[Stored data]
>>>>
text \<open>For centred Gaussian data all Monge maps are linear, so the transport spline moves every
  sample along one and the same natural cubic spline: on \<open>[1/3, 2/3]\<close>, \<open>\<mu>\<^sub>t\<close> is the law of
  \<open>S(t) X\<close> with \<open>X\<close> standard normal and \<open>S\<close> the natural spline through the standard
  deviations \<open>1, \<delta>, \<delta>, 1\<close>.  For \<open>\<delta> < 3/23\<close> this spline has a simple zero \<open>t\<^sub>0\<close> in
  \<open>(1/3, 1/2)\<close>, so every quantile curve \<open>t \<mapsto> \<bar>S(t)\<bar> q(u)\<close> of \<open>\<mu>\<close> with \<open>q(u) \<noteq> 0\<close>
  (\<open>q\<close> the standard normal quantile function) has a corner at \<open>t\<^sub>0\<close>.  An E-spline,
  however, has finite energy (a curve of Gaussians with a smooth positive standard deviation
  through the data is an admissible competitor), so for almost every \<open>u\<close> its quantile curve has
  an integrable weak second derivative and is \<open>C\<^sup>1\<close>.\<close>

section \<open>Centred Gaussian measures\<close>

lemma prob_space_gaussian: "0 < \<sigma> \<Longrightarrow> prob_space (gaussian \<sigma>)"
  unfolding gaussian_def by (rule prob_space_normal_density)

lemma sets_gaussian [simp, measurable_cong]: "sets (gaussian \<sigma>) = sets borel"
  by (simp add: gaussian_def)

lemma space_gaussian [simp]: "space (gaussian \<sigma>) = UNIV"
  by (simp add: gaussian_def)

lemma cdf_distribution_gaussian: "0 < \<sigma> \<Longrightarrow> cdf_distribution (gaussian \<sigma>)"
  by (simp add: cdf_distribution_def real_distribution_def real_distribution_axioms_def
      prob_space_gaussian)

lemma distr_gaussian_scale:
  assumes "0 < \<sigma>" and "c \<noteq> 0"
  shows "distr (gaussian \<sigma>) borel (\<lambda>x. c * x) = gaussian (\<bar>c\<bar> * \<sigma>)"
proof -
  interpret prob_space "gaussian \<sigma>" by (rule prob_space_gaussian) fact
  have "distributed (gaussian \<sigma>) lborel (\<lambda>x. x) (normal_density 0 \<sigma>)"
    unfolding distributed_def by (auto simp: distr_id2 gaussian_def)
  from normal_density_affine[OF this assms, of 0]
  have "distr (gaussian \<sigma>) lborel (\<lambda>x. c * x) = gaussian (\<bar>c\<bar> * \<sigma>)"
    unfolding distributed_def gaussian_def by simp
  moreover have "distr (gaussian \<sigma>) borel (\<lambda>x. c * x) = distr (gaussian \<sigma>) lborel (\<lambda>x. c * x)"
    by (rule distr_cong) auto
  ultimately show ?thesis by simp
qed

lemma integrable_gaussian_square: "0 < \<sigma> \<Longrightarrow> integrable (gaussian \<sigma>) (\<lambda>x. x\<^sup>2)"
  unfolding gaussian_def
  using normal_moment_even[where \<mu>=0 and \<sigma>=\<sigma> and k=1]
  by (subst integrable_density) (auto simp: has_bochner_integral_iff power2_eq_square)

lemma P2_gaussian: "0 < \<sigma> \<Longrightarrow> P2 (gaussian \<sigma>)"
  unfolding P2_def by (simp add: prob_space_gaussian integrable_gaussian_square)

lemma measure_gaussian_singleton: "measure (gaussian \<sigma>) {x} = 0"
proof -
  have "AE y in lborel. y \<in> {x} \<longrightarrow> ennreal (normal_density 0 \<sigma> y) = 0"
    using AE_lborel_singleton[of x] by eventually_elim simp
  then have "{x} \<in> null_sets (gaussian \<sigma>)"
    unfolding gaussian_def by (subst null_sets_density_iff) auto
  then show ?thesis by (simp add: measure_def null_setsD1)
qed

section \<open>Monge maps between centred Gaussians\<close>

lemma integrable_square_diff:
  fixes f g :: "'a \<Rightarrow> real"
  assumes [measurable]: "f \<in> borel_measurable M" "g \<in> borel_measurable M"
    and "integrable M (\<lambda>x. (f x)\<^sup>2)" "integrable M (\<lambda>x. (g x)\<^sup>2)"
  shows "integrable M (\<lambda>x. (f x - g x)\<^sup>2)"
proof (rule Bochner_Integration.integrable_bound[of _ "\<lambda>x. 2 * (f x)\<^sup>2 + 2 * (g x)\<^sup>2"])
  have "(x - y)\<^sup>2 \<le> 2 * x\<^sup>2 + 2 * y\<^sup>2" for x y :: real
    using zero_le_power2[of "x + y"] by (simp add: power2_eq_square algebra_simps)
  then show "AE x in M. norm ((f x - g x)\<^sup>2) \<le> norm (2 * (f x)\<^sup>2 + 2 * (g x)\<^sup>2)"
    by simp
qed (use assms in auto)

lemma monge_map_cost_le:
  assumes T: "monge_map M \<nu> T" and S: "S \<in> borel_measurable M" "distr M borel S = \<nu>"
    and int: "integrable M (\<lambda>x. (x - T x)\<^sup>2)" "integrable M (\<lambda>x. (x - S x)\<^sup>2)"
  shows "integral\<^sup>L M (\<lambda>x. (x - T x)\<^sup>2) \<le> integral\<^sup>L M (\<lambda>x. (x - S x)\<^sup>2)"
proof -
  have "(\<integral>\<^sup>+ x. ennreal ((x - T x)\<^sup>2) \<partial>M) \<le> (\<integral>\<^sup>+ x. ennreal ((x - S x)\<^sup>2) \<partial>M)"
    using T S unfolding monge_map_def by blast
  then have "ennreal (integral\<^sup>L M (\<lambda>x. (x - T x)\<^sup>2)) \<le> ennreal (integral\<^sup>L M (\<lambda>x. (x - S x)\<^sup>2))"
    using int by (simp add: nn_integral_eq_integral)
  moreover have "0 \<le> integral\<^sup>L M (\<lambda>x. (x - S x)\<^sup>2)"
    by (simp add: integral_nonneg_AE)
  ultimately show ?thesis
    by simp
qed

text \<open>Expanding \<open>(T x - k x)\<^sup>2\<close> and using that \<open>T x\<close> and \<open>k x\<close> have the same second
  moment, the optimality of \<open>T\<close> against the competitor \<open>k x\<close> forces \<open>E (T x - k x)\<^sup>2 \<le> 0\<close>.\<close>
lemma monge_map_eq_scaling_AE:
  assumes M: "prob_space M" "sets M = sets borel" "integrable M (\<lambda>x. x\<^sup>2)"
    and k: "0 < k" "distr M borel (\<lambda>x. k * x) = \<nu>"
    and T: "monge_map M \<nu> T"
  shows "AE x in M. T x = k * x"
proof -
  interpret prob_space M by (fact M(1))
  have [measurable_cong]: "sets M = sets borel" by (fact M(2))
  have [measurable]: "T \<in> borel_measurable M" and law_T: "distr M borel T = \<nu>"
    using T unfolding monge_map_def by auto
  let ?m = "integral\<^sup>L M (\<lambda>x. x\<^sup>2)"
  have law_eq: "distr M borel T = distr M borel (\<lambda>x. k * x)"
    using law_T k by simp
  have int_T: "integrable M (\<lambda>x. (T x)\<^sup>2)" and moment_T: "integral\<^sup>L M (\<lambda>x. (T x)\<^sup>2) = k\<^sup>2 * ?m"
    using integrable_distr_eq[of T M borel "\<lambda>y. y\<^sup>2"] integral_distr[of T M borel "\<lambda>y. y\<^sup>2"]
      integrable_distr_eq[of "\<lambda>x. k * x" M borel "\<lambda>y. y\<^sup>2"]
      integral_distr[of "\<lambda>x. k * x" M borel "\<lambda>y. y\<^sup>2"] M(3)
    by (simp_all add: law_eq power_mult_distrib)
  have int_D: "integrable M (\<lambda>x. (x - T x)\<^sup>2)"
    using M(3) int_T by (intro integrable_square_diff) auto
  have "(x - k * x)\<^sup>2 = (1 - k)\<^sup>2 * x\<^sup>2" for x
    by (simp add: power2_eq_square algebra_simps)
  then have cost: "integral\<^sup>L M (\<lambda>x. (x - T x)\<^sup>2) \<le> (1 - k)\<^sup>2 * ?m"
    using monge_map_cost_le[OF T _ k(2) int_D] M(3) by (simp del: power_mult_distrib)
  have expand: "(T x - k * x)\<^sup>2 = (1 - k) * (T x)\<^sup>2 + (k\<^sup>2 - k) * x\<^sup>2 + k * (x - T x)\<^sup>2" for x
    by (simp add: power2_eq_square algebra_simps)
  have int_E: "integrable M (\<lambda>x. (T x - k * x)\<^sup>2)"
    unfolding expand using M(3) int_T int_D by simp
  have "integral\<^sup>L M (\<lambda>x. (T x - k * x)\<^sup>2)
      = (1 - k) * (k\<^sup>2 * ?m) + (k\<^sup>2 - k) * ?m + k * integral\<^sup>L M (\<lambda>x. (x - T x)\<^sup>2)"
    unfolding expand using M(3) int_T int_D moment_T by simp
  also have "\<dots> \<le> (1 - k) * (k\<^sup>2 * ?m) + (k\<^sup>2 - k) * ?m + k * ((1 - k)\<^sup>2 * ?m)"
    using cost k by simp
  also have "\<dots> = 0"
    by (simp add: power2_eq_square algebra_simps)
  finally have "integral\<^sup>L M (\<lambda>x. (T x - k * x)\<^sup>2) = 0"
    by (intro antisym) simp_all
  then have "AE x in M. (T x - k * x)\<^sup>2 = 0"
    using integral_nonneg_eq_0_iff_AE[OF int_E] by simp
  then show ?thesis by eventually_elim simp
qed

lemma monge_map_gaussian_AE:
  assumes "0 < a" "0 < b" and "monge_map (gaussian a) (gaussian b) T"
  shows "AE x in gaussian a. T x = b / a * x"
proof (rule monge_map_eq_scaling_AE)
  show "distr (gaussian a) borel (\<lambda>x. b / a * x) = gaussian b"
    using distr_gaussian_scale[of a "b / a"] assms by simp
qed (use assms in \<open>simp_all add: prob_space_gaussian integrable_gaussian_square\<close>)

lemma AE_iter_maps_monge_gaussian:
  assumes pos: "\<forall>i\<le>N. 0 < s i"
    and monge: "\<forall>i\<in>{1..N}. monge_map (gaussian (s (i - 1))) (gaussian (s i)) (T i)"
    and "i \<le> N"
  shows "AE \<omega> in gaussian (s 0). iter_maps T i \<omega> = s i / s 0 * \<omega>"
  using \<open>i \<le> N\<close>
proof (induction i)
  case 0
  then show ?case using pos[rule_format, of 0] by simp
next
  case (Suc i)
  have monge_Suc: "monge_map (gaussian (s i)) (gaussian (s (Suc i))) (T (Suc i))"
    using monge[rule_format, of "Suc i"] Suc.prems by simp
  then have "T (Suc i) \<in> borel_measurable (gaussian (s i))"
    unfolding monge_map_def by blast
  then have [measurable]: "T (Suc i) \<in> borel_measurable borel"
    by (simp add: measurable_def)
  have si: "s i \<noteq> 0"
    using pos[rule_format, of i] Suc.prems by simp
  have T_AE: "AE y in gaussian (s i). T (Suc i) y = s (Suc i) / s i * y"
    using monge_map_gaussian_AE[OF _ _ monge_Suc] pos Suc.prems by simp
  have law_s: "gaussian (s i) = distr (gaussian (s 0)) borel (\<lambda>\<omega>. s i / s 0 * \<omega>)"
    using distr_gaussian_scale[of "s 0" "s i / s 0"] pos[rule_format, of 0] pos[rule_format, of i]
      Suc.prems by simp
  have "AE y in distr (gaussian (s 0)) borel (\<lambda>\<omega>. s i / s 0 * \<omega>).
      T (Suc i) y = s (Suc i) / s i * y"
    using T_AE unfolding law_s .
  then have "AE \<omega> in gaussian (s 0). T (Suc i) (s i / s 0 * \<omega>) = s (Suc i) / s i * (s i / s 0 * \<omega>)"
    by (subst (asm) AE_distr_iff) simp_all
  moreover have "AE \<omega> in gaussian (s 0). iter_maps T i \<omega> = s i / s 0 * \<omega>"
    using Suc by simp
  ultimately show ?case
    by eventually_elim (simp add: si)
qed

section \<open>Quantile functions\<close>

lemma quantile_eqI:
  assumes "\<And>x. u \<le> cdf \<mu> x \<longleftrightarrow> a \<le> x"
  shows "quantile \<mu> u = a"
proof -
  have "{x. u \<le> cdf \<mu> x} = {a..}" using assms by auto
  then show ?thesis unfolding quantile_def by simp
qed

lemma quantile_le_iff:
  assumes "cdf_distribution M" "0 < u" "u < 1"
  shows "u \<le> cdf M x \<longleftrightarrow> quantile M u \<le> x"
proof -
  interpret cdf_distribution M by fact
  show ?thesis using pseudoinverse assms(2,3) unfolding quantile_def by blast
qed

lemma quantile_distr_scale:
  assumes M: "cdf_distribution M" and c: "0 < c" and u: "0 < u" "u < 1"
  shows "quantile (distr M borel (\<lambda>x. c * x)) u = c * quantile M u"
proof (rule quantile_eqI)
  interpret cdf_distribution M by fact
  fix x
  have "(\<lambda>y. c * y) -` {..x} = {..x / c}" using c by (auto simp: field_simps)
  then have "cdf (distr M borel (\<lambda>x. c * x)) x = cdf M (x / c)"
    unfolding cdf_def by (subst measure_distr) auto
  then show "u \<le> cdf (distr M borel (\<lambda>x. c * x)) x \<longleftrightarrow> c * quantile M u \<le> x"
    using quantile_le_iff[OF M u, of "x / c"] c by (simp add: field_simps)
qed

lemma quantile_distr_zero:
  assumes "prob_space M" "0 < u" "u < 1"
  shows "quantile (distr M borel (\<lambda>x. 0 :: real)) u = 0"
proof (rule quantile_eqI)
  interpret prob_space M by fact
  fix x :: real
  have "cdf (distr M borel (\<lambda>x. 0)) x = (if 0 \<le> x then 1 else 0)"
    unfolding cdf_def by (subst measure_distr) (auto simp: prob_space[simplified])
  then show "u \<le> cdf (distr M borel (\<lambda>x. 0)) x \<longleftrightarrow> 0 \<le> x"
    using assms by simp
qed

lemma quantile_gaussian:
  assumes "0 < \<sigma>" "0 < u" "u < 1"
  shows "quantile (gaussian \<sigma>) u = \<sigma> * quantile (gaussian 1) u"
  using quantile_distr_scale[OF cdf_distribution_gaussian[OF zero_less_one] assms] distr_gaussian_scale[of 1 \<sigma>] assms
  by simp

lemma quantile_distr_gaussian_scale:
  assumes "0 < u" "u < 1"
  shows "quantile (distr (gaussian 1) borel (\<lambda>x. c * x)) u = \<bar>c\<bar> * quantile (gaussian 1) u"
proof (cases "c = 0")
  case True
  then show ?thesis
    using quantile_distr_zero[OF prob_space_gaussian assms] by simp
next
  case False
  then have "distr (gaussian 1) borel (\<lambda>x. c * x) = gaussian \<bar>c\<bar>"
    using distr_gaussian_scale[of 1 c] by simp
  then show ?thesis
    using quantile_gaussian[of "\<bar>c\<bar>"] False assms by simp
qed

lemma cdf_quantile:
  assumes M: "cdf_distribution M" and u: "0 < u" "u < 1"
    and atomless: "measure M {quantile M u} = 0"
  shows "cdf M (quantile M u) = u"
proof (rule antisym)
  interpret cdf_distribution M by fact
  have "isCont (cdf M) (quantile M u)"
    using atomless isCont_cdf by simp
  then have left_limit: "(cdf M \<longlongrightarrow> cdf M (quantile M u)) (at_left (quantile M u))"
    by (simp add: isCont_def filterlim_at_split)
  have "cdf M x \<le> u" if "x < quantile M u" for x
    using quantile_le_iff[OF M u, of x] that by linarith
  then have "eventually (\<lambda>x. cdf M x \<le> u) (at_left (quantile M u))"
    unfolding eventually_at_left_field by (intro exI[of _ "quantile M u - 1"]) auto
  with left_limit show "cdf M (quantile M u) \<le> u"
    by (rule tendsto_le[OF _ tendsto_const, rotated]) simp
  show "u \<le> cdf M (quantile M u)"
    using quantile_le_iff[OF M u] by simp
qed

lemma borel_measurable_quantile_restrict:
  assumes "cdf_distribution M"
  shows "quantile M \<in> borel_measurable (restrict_space lborel {0<..<1})"
proof -
  interpret cdf_distribution M by fact
  have "quantile M \<in> borel_measurable (restrict_space borel {0<..<1})"
    unfolding quantile_def by (rule measurable_CI)
  moreover have "borel_measurable (restrict_space borel {0<..<1::real})
      = borel_measurable (restrict_space lborel {0<..<1})"
    by (rule measurable_cong_sets) (simp_all add: sets_restrict_space)
  ultimately show ?thesis by simp
qed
<<<<
▶ The task
Would you copy out exactly the lines above that start at the one containing "by (fact M(2))" and end at the one containing "using integrable_distr_eq[of T", inclusive?

▶ The answer
  have [measurable_cong]: "sets M = sets borel" by (fact M(2))
  have [measurable]: "T \<in> borel_measurable M" and law_T: "distr M borel T = \<nu>"
    using T unfolding monge_map_def by auto
  let ?m = "integral\<^sup>L M (\<lambda>x. x\<^sup>2)"
  have law_eq: "distr M borel T = distr M borel (\<lambda>x. k * x)"
    using law_T k by simp
  have int_T: "integrable M (\<lambda>x. (T x)\<^sup>2)" and moment_T: "integral\<^sup>L M (\<lambda>x. (T x)\<^sup>2) = k\<^sup>2 * ?m"
    using integrable_distr_eq[of T M borel "\<lambda>y. y\<^sup>2"] integral_distr[of T M borel "\<lambda>y. y\<^sup>2"]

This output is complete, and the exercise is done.